Counterterrorism expert Rohan Gunaratna will later write that Khalid Shaikh Mohammed (KSM) first “earned his spurs” in al-Qaeda by serving as one of Osama bin Laden’s first bodyguards. Then, in 1991, bin Laden sends KSM to the Philippines where he trains members of the militant groups Abu Sayyaf and the Moro Islamic Liberation Front (MILF) in bomb making and assassination. He works with bin Laden’s brother-in-law Mohammed Jamal Khalifa to establish an operational base there and also in Malaysia. Presumably he also works with his nephew Ramzi Yousef, who trains Abu Sayyaf militants the same year (see December 1991-May 1992). Gunaratna says that “After proving himself an outstanding organizer, [KSM] was given substantial operational authority and autonomy by bin Laden.” However, KSM’s work with the Abu Sayyaf and MILF is soon discovered and he “has been on the run since 1991.” KSM will return with Yousef to the Philippines in 1994 to exploit the network they built and develop the Bojinka plot (see January 6, 1995). [Gunaratna, 2003, pp. xxiv-xxix]

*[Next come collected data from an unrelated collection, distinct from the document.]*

lemma Wset_restore_left:
  assumes p: "is_config r s p" and "r \<le> i" "i + 1 \<le> j" "j \<le> s"
    and W: "(map p [r..i-1] @ [p i], x1) \<in> Wset r s p (i+1) j"
  shows "(map p [r..i-1], x1) \<in> Wset r s p i j"
proof -
  let ?x0 = "map p [r..i-1]" and ?b = "j + int (length x1)"
  let ?q = "ext_seq p i j ?x0 x1" and ?q' = "ext_seq p (i+1) j (?x0 @ [p i]) x1"
  have start: "i + 1 - int (length (?x0 @ [p i])) = r" "i - int (length ?x0) = r"
    using assms(2) by simp_all
  have q': "?q' l = ?q l" if "l \<in> {r..?b}" for l
    using that assms(2,3) ext_seq_drop_left[of i j ?x0] by simp
  then have im: "?q' ` {r..?b} = ?q ` {r..?b}" by (rule image_cong[OF refl])
  have c': "is_config r ?b ?q'"
    and bc': "\<forall>l \<in> {i+1..j}. bc (?q' ` {r..?b}) (p l) = bc (p ` {r..s}) (p l)"
    using W unfolding mem_Wset_iff start by auto
  have c: "is_config r ?b ?q" using is_config_cong[OF c'] q' by simp
  have "bc (?q ` {r..?b}) (p i) = bc (p ` {r..s}) (p i)"
  proof (rule bc_config_local[OF p c])
    show "i \<in> {r..s}" "{r..s} \<inter> {i-1..i+1} = {r..?b} \<inter> {i-1..i+1}"
      using assms(2-4) by auto
    show "?q m = p m" if "m \<in> {r..s} \<inter> {i-1..i+1}" for m
      using that assms(3) ext_seq_prefix by simp
  qed
  then have "\<forall>l \<in> {i..j}. bc (?q ` {r..?b}) (p l) = bc (p ` {r..s}) (p l)"
    using bc' im by (metis atLeastAtMost_iff order.order_iff_strict zless_imp_add1_zle)
  with c show ?thesis unfolding mem_Wset_iff start by simp
qed

lemma Wset_restore_right:
  assumes p: "is_config r s p" and "r \<le> i" "i \<le> j - 1" "j \<le> s"
    and W: "(x0, p j # map p [j+1..s]) \<in> Wset r s p i (j - 1)"
  shows "(x0, map p [j+1..s]) \<in> Wset r s p i j"
proof -
  let ?x1 = "map p [j+1..s]" and ?a = "i - int (length x0)"
  let ?q = "ext_seq p i j x0 ?x1"
  have stop: "j - 1 + int (length (p j # ?x1)) = s" "j + int (length ?x1) = s"
    using assms(3,4) by simp_all
  have "i \<le> j" using assms(3) by simp
  have c: "is_config ?a s ?q"
    and bc': "\<forall>l \<in> {i..j-1}. bc (?q ` {?a..s}) (p l) = bc (p ` {r..s}) (p l)"
    using W unfolding mem_Wset_iff stop ext_seq_drop_right[OF \<open>i \<le> j\<close>] by auto
  have "bc (?q ` {?a..s}) (p j) = bc (p ` {r..s}) (p j)"
  proof (rule bc_config_local[OF p c])
    show "j \<in> {r..s}" "{r..s} \<inter> {j-1..j+1} = {?a..s} \<inter> {j-1..j+1}"
      using assms(2-4) by auto
    show "?q m = p m" if "m \<in> {r..s} \<inter> {j-1..j+1}" for m
      using that assms(3) ext_seq_suffix by simp
  qed
  then have "\<forall>l \<in> {i..j}. bc (?q ` {?a..s}) (p l) = bc (p ` {r..s}) (p l)"
    using bc' by (metis atLeastAtMost_iff order.order_iff_strict zle_diff1_eq)
  with c show ?thesis unfolding mem_Wset_iff stop by simp
qed

lemma Vset_drop_left_eq:
  assumes p: "is_config r s p" and "r \<le> i" "i + 1 \<le> j" "j \<le> s"
    and NI: "NI r s p (i+1) j"
  shows "Vset r s p i j = Vset r s p (i+1) j"
proof
  show "Vset r s p i j \<subseteq> Vset r s p (i+1) j"
    using Wset_drop_left assms(3) unfolding Vset_def by (force intro: image_eqI)
  show "Vset r s p (i+1) j \<subseteq> Vset r s p i j"
  proof
    fix y assume y: "y \<in> Vset r s p (i+1) j"
    let ?u = "map p [r..i-1] @ [p i]"
    have "(?u, map p [j+1..s]) \<in> Wset r s p (i+1) j"
      using Wset_drop_left[OF Wset_self[OF p assms(2) _ assms(4)]] assms(3) by simp
    then have "?u \<in> Uset r s p (i+1) j" unfolding Uset_def by force
    with y NI have "(?u, y) \<in> Wset r s p (i+1) j" unfolding NI_def by blast
    then have "(map p [r..i-1], y) \<in> Wset r s p i j"
      using Wset_restore_left[OF p assms(2-4)] by blast
    then show "y \<in> Vset r s p i j" unfolding Vset_def by force
  qed
qed

lemma Uset_drop_right_eq:
  assumes p: "is_config r s p" and "r \<le> i" "i \<le> j - 1" "j \<le> s"
    and NI: "NI r s p i (j - 1)"
  shows "Uset r s p i j = Uset r s p i (j - 1)"
proof
  show "Uset r s p i j \<subseteq> Uset r s p i (j - 1)"
    using Wset_drop_right assms(3) unfolding Uset_def by (force intro: image_eqI)
  show "Uset r s p i (j - 1) \<subseteq> Uset r s p i j"
  proof
    fix x assume x: "x \<in> Uset r s p i (j - 1)"
    let ?v = "p j # map p [j+1..s]"
    have "(map p [r..i-1], ?v) \<in> Wset r s p i (j - 1)"
      using Wset_drop_right[OF Wset_self[OF p assms(2) _ assms(4)]] assms(3) by simp
    then have "?v \<in> Vset r s p i (j - 1)" unfolding Vset_def by force
    with x NI have "(x, ?v) \<in> Wset r s p i (j - 1)" unfolding NI_def by blast
    then have "(x, map p [j+1..s]) \<in> Wset r s p i j"
      using Wset_restore_right[OF p assms(2-4)] by blast
    then show "x \<in> Uset r s p i j" unfolding Uset_def by force
  qed
qed

lemma CNI_NI_drop_left:
  assumes "CNI r s p" "(i, j) \<in> Kset r s p" "i + 1 \<le> 0"
  shows "NI r s p (i+1) j"
proof -
  have "(i+1, j) \<in> Kset r s p \<union> Iset r s p"
    using assms(2,3) unfolding Kset_def Iset_def by auto
  with assms(1) show ?thesis unfolding CNI_def by blast
qed

lemma CNI_NI_drop_right:
  assumes "CNI r s p" "(i, j) \<in> Kset r s p" "0 \<le> j - 1"
  shows "NI r s p i (j - 1)"
proof -
  have "(i, j - 1) \<in> Kset r s p \<union> Jset r s p"
    using assms(2,3) unfolding Kset_def Jset_def by auto
  with assms(1) show ?thesis unfolding CNI_def by blast
qed

theorem lemma6:
  fixes r s :: int and p :: "int \<Rightarrow> pos"
  assumes "is_config r s p"
    and "CNI r s p"
  shows "(\<forall>i j. (i,j) \<in> Kset r s p \<and> i + 1 \<le> 0 \<longrightarrow> Vset r s p i j = Vset r s p (i + 1) j)
       \<and> (\<forall>i j. (i,j) \<in> Kset r s p \<and> 0 \<le> j - 1 \<longrightarrow> Uset r s p i j = Uset r s p i (j - 1))"
proof (intro conjI allI impI)
  fix i j assume K: "(i,j) \<in> Kset r s p \<and> i + 1 \<le> 0"
  then have "r \<le> i" "i + 1 \<le> j" "j \<le> s" unfolding Kset_def by auto
  with K show "Vset r s p i j = Vset r s p (i + 1) j"
    using Vset_drop_left_eq[OF assms(1)] CNI_NI_drop_left[OF assms(2)] by blast
next
  fix i j assume K: "(i,j) \<in> Kset r s p \<and> 0 \<le> j - 1"
  then have "r \<le> i" "i \<le> j - 1" "j \<le> s" unfolding Kset_def by auto
  with K show "Uset r s p i j = Uset r s p i (j - 1)"
    using Uset_drop_right_eq[OF assms(1)] CNI_NI_drop_right[OF assms(2)] by blast
qed

end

A 2006 analysis compiled jointly by US and Croatian intelligence will reveal that al-Qaeda began infiltrating the Balkans region even before the start of the Bosnian war in 1992. Kamer Eddine Kherbane, a member of Algerian militant group GIA, moved to Zagreb, Croatia, in 1991 to set up a charity front at the direct request of Osama bin Laden. The organization, called Maktab al-Khidamat (MAK) or Al-Kifah, is closely tied to al-Qaeda. Its Brooklyn, New York, branch called the Al-Kifah Refugee Center is tied to both the 1993 WTC bombers and the CIA (see 1986-1993). [Associated Press, 4/17/2006] Apparently the Zagreb branch of MAK/Al-Kifah is also called the Al-Kifah Refugee Center like the Brooklyn branch and has very close ties with that branch (see Early 1990s). A Spanish police report will later claim that Kherbane is the head of the Zagreb branch. [CNN, 12/8/2002] The analysis will allege that Kherbane used Al-Kifah “to infiltrate GIA members into Bosnia,” and that Iran and unnamed Arab countries paid for the operation through money transfers. [Associated Press, 4/17/2006] Kherbane appears to have begun working with other radical militants in Bosnia in 1990 (see 1990).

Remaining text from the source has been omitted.